I’m so excited – my mini canning rack arrived last week! I was so excited to give it a try, and what better thing to make in early spring than beer mustard? We’re just starting to grill out a bit this season, and home made mustard will be the perfect accompaniment to burgers and bratwursts and all of the other tasty things we’re going to be grilling this season.
Since I’ve never used this recipe, I just did a small half batch over the weekend – two 4-ounce jars. That will be enough to get us started, and we can see how we like the recipe, which is made from brown mustard seeds, beer, malt vinegar, dry mustard, light brown sugar and onion powder. Sounds tasty, and this recipe looks so simple that I’ve got high hopes for a good end result.
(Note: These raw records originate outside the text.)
lemma optimal_time_pred:
  assumes "finite E" "polymatroid_rank E f" "\<And>e. e \<in> E \<Longrightarrow> regular (C e)"
    and "optimal E f C t d x" "a \<in> E" "1 \<le> t a"
  shows "\<exists>y. optimal E f C (t(a := t a - 1)) d y \<and> (y = x \<or> exch_step E x y)"
proof -
  let ?t = "t(a := t a - 1)"
  have xB: "x \<in> base_set E f d"
    using assms(4) unfolding optimal_def by blast
  then obtain v where v: "closest_optimal E f C ?t d x v"
    using closest_optimal_exists[OF assms(1)] by blast
  have excess: "e = a \<and> v a \<le> x a + 1" if "e \<in> E" "x e < v e" for e
  proof (rule ccontr)
    assume far: "\<not> (e = a \<and> v a \<le> x a + 1)"
    show False
    proof (rule closest_optimal_no_excess[OF assms(1,2,4) v order_refl that])
      fix q
      assume "q \<in> E" "q \<noteq> e" "v q < x q"
      then show "marg (C q) (v q + 1) (?t q) \<le> marg (C q) (x q) (t q) \<and>
          marg (C e) (x e + 1) (t e) \<le> marg (C e) (v e) (?t e)"
        using that far assms(6) by (auto intro!: marg_mono_regular assms(3))
    qed
  qed
  have vB: "v \<in> base_set E f d"
    using v unfolding closest_optimal_def optimal_def by blast
  have "\<forall>h\<in>E. h \<noteq> a \<longrightarrow> v h \<le> x h" "v a \<le> x a + 1"
    using excess excess[OF assms(5)] by (meson not_le, linarith)
  then have "x = v \<or> (\<exists>g\<in>E. g \<noteq> a \<and> 1 \<le> v a \<and> x = v(a := v a - 1, g := v g + 1))"
    using eq_or_transfer_if_le_but_one[OF assms(1) _ _ assms(5)] xB vB unfolding base_set_def by auto
  moreover have "v = x(g := x g - 1, a := x a + 1)" "1 \<le> x g"
    if "g \<noteq> a" "1 \<le> v a" "x = v(a := v a - 1, g := v g + 1)" for g
    using that by (auto simp: fun_eq_iff)
  ultimately show ?thesis
    using v assms(5) unfolding closest_optimal_def exch_step_def by metis
qed

lemma relpowp_le_Suc_I2:
  "x' = x \<or> R x x' \<Longrightarrow> \<exists>k\<le>n. (R ^^ k) x' y \<Longrightarrow> \<exists>k\<le>Suc n. (R ^^ k) x y"
  by (metis le_SucI Suc_le_mono relpowp_Suc_I2)

lemma relpowp_le_trans:
  assumes "\<exists>k\<le>m. (R ^^ k) x y" "\<exists>k\<le>n. (R ^^ k) y z"
  shows "\<exists>k\<le>m + n. (R ^^ k) x z"
proof -
  obtain k l where "k \<le> m" "l \<le> n" "(R ^^ k) x y" "(R ^^ l) y z"
    using assms by blast
  then have "k + l \<le> m + n" "(R ^^ (k + l)) x z"
    by (auto simp: relpowp_add)
  then show ?thesis
    by blast
qed

lemma optimal_reach_demand_up:
  assumes "finite E" "polymatroid_rank E f" "\<And>e. e \<in> E \<Longrightarrow> regular (C e)"
    and "optimal E f C t d x" "base_set E f (d + n) \<noteq> {}"
  shows "\<exists>y. optimal E f C t (d + n) y \<and> (\<exists>k\<le>n. (exch_step E ^^ k) x y)"
  using assms(4,5)
proof (induction n arbitrary: d x)
  case 0
  then show ?case
    by force
next
  case (Suc n)
  have "base_set E f (d + 1) \<noteq> {}"
    using base_set_nonempty_le[OF assms(1) Suc.prems(2)] by simp
  then obtain y where "optimal E f C t (d + 1) y" "exch_step E x y"
    using optimal_demand_Suc[OF assms(1-3) Suc.prems(1)] by blast
  with Suc.IH[of "d + 1" y] Suc.prems(2) show ?case
    by (auto intro: relpowp_le_Suc_I2)
qed

lemma optimal_reach_demand_down:
  assumes "finite E" "polymatroid_rank E f" "\<And>e. e \<in> E \<Longrightarrow> regular (C e)"
    and "optimal E f C t (d + n) x"
  shows "\<exists>y. optimal E f C t d y \<and> (\<exists>k\<le>n. (exch_step E ^^ k) x y)"
  using assms(4)
proof (induction n arbitrary: x)
  case 0
  then show ?case
    by force
next
  case (Suc n)
  obtain y where "optimal E f C t (d + n) y" "exch_step E x y"
    using optimal_demand_pred[OF assms(1-3) Suc.prems] by auto
  with Suc.IH[of y] show ?case
    by (auto intro: relpowp_le_Suc_I2)
qed

lemma optimal_reach_demand:
  assumes "finite E" "polymatroid_rank E f" "\<And>e. e \<in> E \<Longrightarrow> regular (C e)"
    and "optimal E f C t d x" "base_set E f d' \<noteq> {}"
  shows "\<exists>y. optimal E f C t d' y \<and> (\<exists>k\<le>nat \<bar>int d - int d'\<bar>. (exch_step E ^^ k) x y)"
proof (cases "d \<le> d'")
  case True
  then have d': "d + (d' - d) = d'" and dist: "nat \<bar>int d - int d'\<bar> = d' - d"
    by arith+
  show ?thesis
    unfolding dist using optimal_reach_demand_up[OF assms(1-4), of "d' - d"] assms(5)
    unfolding d' by blast
next
  case False
  then have d: "d' + (d - d') = d" and dist: "nat \<bar>int d - int d'\<bar> = d - d'"
    by arith+
  have "optimal E f C t (d' + (d - d')) x"
    using d assms(4) by simp
  from optimal_reach_demand_down[OF assms(1-3) this] show ?thesis
    unfolding dist .
qed

lemma optimal_cong_time:
  "\<forall>e\<in>E. t e = t' e \<Longrightarrow> optimal E f C t d x \<longleftrightarrow> optimal E f C t' d x"
  unfolding optimal_def total_cost_def by simp

lemma optimal_reach_time:
  assumes "finite E" "polymatroid_rank E f" "\<And>e. e \<in> E \<Longrightarrow> regular (C e)"
    and "optimal E f C t d x"
  shows "\<exists>y. optimal E f C t' d y \<and> (\<exists>k\<le>l1_dist E t t'. (exch_step E ^^ k) x y)"
proof -
  have "\<exists>y. optimal E f C t' d y \<and> (\<exists>k\<le>n. (exch_step E ^^ k) x y)"
    if "l1_dist E t t' = n" "optimal E f C t d x" for n t x
    using that
  proof (induction n arbitrary: t x)
    case 0
    then have "\<forall>e\<in>E. t e = t' e"
      using assms(1) by (simp add: l1_dist_def)
    then have "optimal E f C t' d x"
      using optimal_cong_time 0 by blast
    then show ?case
      by (intro exI[of _ x]) simp
  next
    case (Suc n)
    have "\<exists>a\<in>E. t a \<noteq> t' a"
    proof (rule ccontr)
      assume "\<not> (\<exists>a\<in>E. t a \<noteq> t' a)"
      then have "l1_dist E t t' = 0"
        unfolding l1_dist_def by simp
      then show False
        using Suc.prems(1) by simp
    qed
    then obtain a where a: "a \<in> E" "t a \<noteq> t' a"
      by blast
    obtain s y where s: "l1_dist E (t(a := s)) t' = n"
      and y: "optimal E f C (t(a := s)) d y" "y = x \<or> exch_step E x y"
    proof (cases "t a < t' a")
      case True
      then have "l1_dist E (t(a := t a + 1)) t' = n"
        using l1_dist_fun_upd[OF assms(1) a(1), of t "t a + 1" t'] Suc.prems(1) by simp
      then show ?thesis
        using that optimal_time_Suc[OF assms(1-3) Suc.prems(2) a(1)] by blast
    next
      case False
      then have "l1_dist E (t(a := t a - 1)) t' = n"
        using l1_dist_fun_upd[OF assms(1) a(1), of t "t a - 1" t'] Suc.prems(1) a(2) by simp
      moreover have "1 \<le> t a"
        using False a(2) by simp
      ultimately show ?thesis
        using that optimal_time_pred[OF assms(1-3) Suc.prems(2) a(1)] by blast
    qed
    obtain z where "optimal E f C t' d z" "\<exists>k\<le>n. (exch_step E ^^ k) y z"
      using Suc.IH[OF s y(1)] by blast
    then show ?case
      using relpowp_le_Suc_I2[of y x "exch_step E", OF y(2)] by blast
  qed
  then show ?thesis
    using assms(4) by blast
qed

theorem corollary3p6:
  fixes E :: "'a set" and f :: "'a set \<Rightarrow> nat" and C :: "'a \<Rightarrow> nat \<Rightarrow> nat \<Rightarrow> real"
    and D :: "nat set"
  assumes "finite E" and "E \<noteq> {}"
    and "polymatroid_rank E f"
    and "\<And>e x t. e \<in> E \<Longrightarrow> C e x t \<ge> 0"
    and "\<And>e. e \<in> E \<Longrightarrow> regular (C e)"
    and "\<And>d. d \<in> D \<Longrightarrow> base_set E f d \<noteq> {}"
  shows "\<forall>t d x t' d'. d \<in> D \<longrightarrow> optimal E f C t d x \<longrightarrow> d' \<in> D \<longrightarrow>
           (\<exists>x' k. optimal E f C t' d' x' \<and>
                   k \<le> l1_dist E t t' + nat \<bar>int d - int d'\<bar> \<and>
                   (exch_step E ^^ k) x x')"
proof (intro allI impI)
  fix t d x t' d'
  assume "d \<in> D" "optimal E f C t d x" "d' \<in> D"
  obtain y where y: "optimal E f C t d' y" "\<exists>k\<le>nat \<bar>int d - int d'\<bar>. (exch_step E ^^ k) x y"
    using optimal_reach_demand[OF assms(1,3,5) \<open>optimal E f C t d x\<close> assms(6)[OF \<open>d' \<in> D\<close>]]
    by blast
  obtain z where z: "optimal E f C t' d' z" "\<exists>k\<le>l1_dist E t t'. (exch_step E ^^ k) y z"
    using optimal_reach_time[OF assms(1,3,5) y(1)] by blast
  obtain k where "k \<le> nat \<bar>int d - int d'\<bar> + l1_dist E t t'" "(exch_step E ^^ k) x z"
    using relpowp_le_trans[OF y(2) z(2)] by blast
  then show "\<exists>x' k. optimal E f C t' d' x' \<and> k \<le> l1_dist E t t' + nat \<bar>int d - int d'\<bar> \<and>
      (exch_step E ^^ k) x x'"
    using z(1) by (intro exI[of _ z] exI[of _ k]) simp
qed

end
The first step is to bring the mustard seeds and beer to a boil, then let them sit off heat for about two hours until the seeds have absorbed most of the beer. Then puree the mustard seeds –
Then add the remaining ingredients and cook it down until it’s reduced by about a third –
And then into my amazing little canning rack in my standard soup pot, where it needs to be processed for ten minutes –
And here’s my finished mustard – shelf stable until opened, and ready to go for grilling season!
How easy was that? With my mini canning rack, I can do all sorts of small batch preserving in the little snippets of time that I can cobble together every now and again. Proving there’s always time for a little preserving, if you’ve got the right tools and good recipes.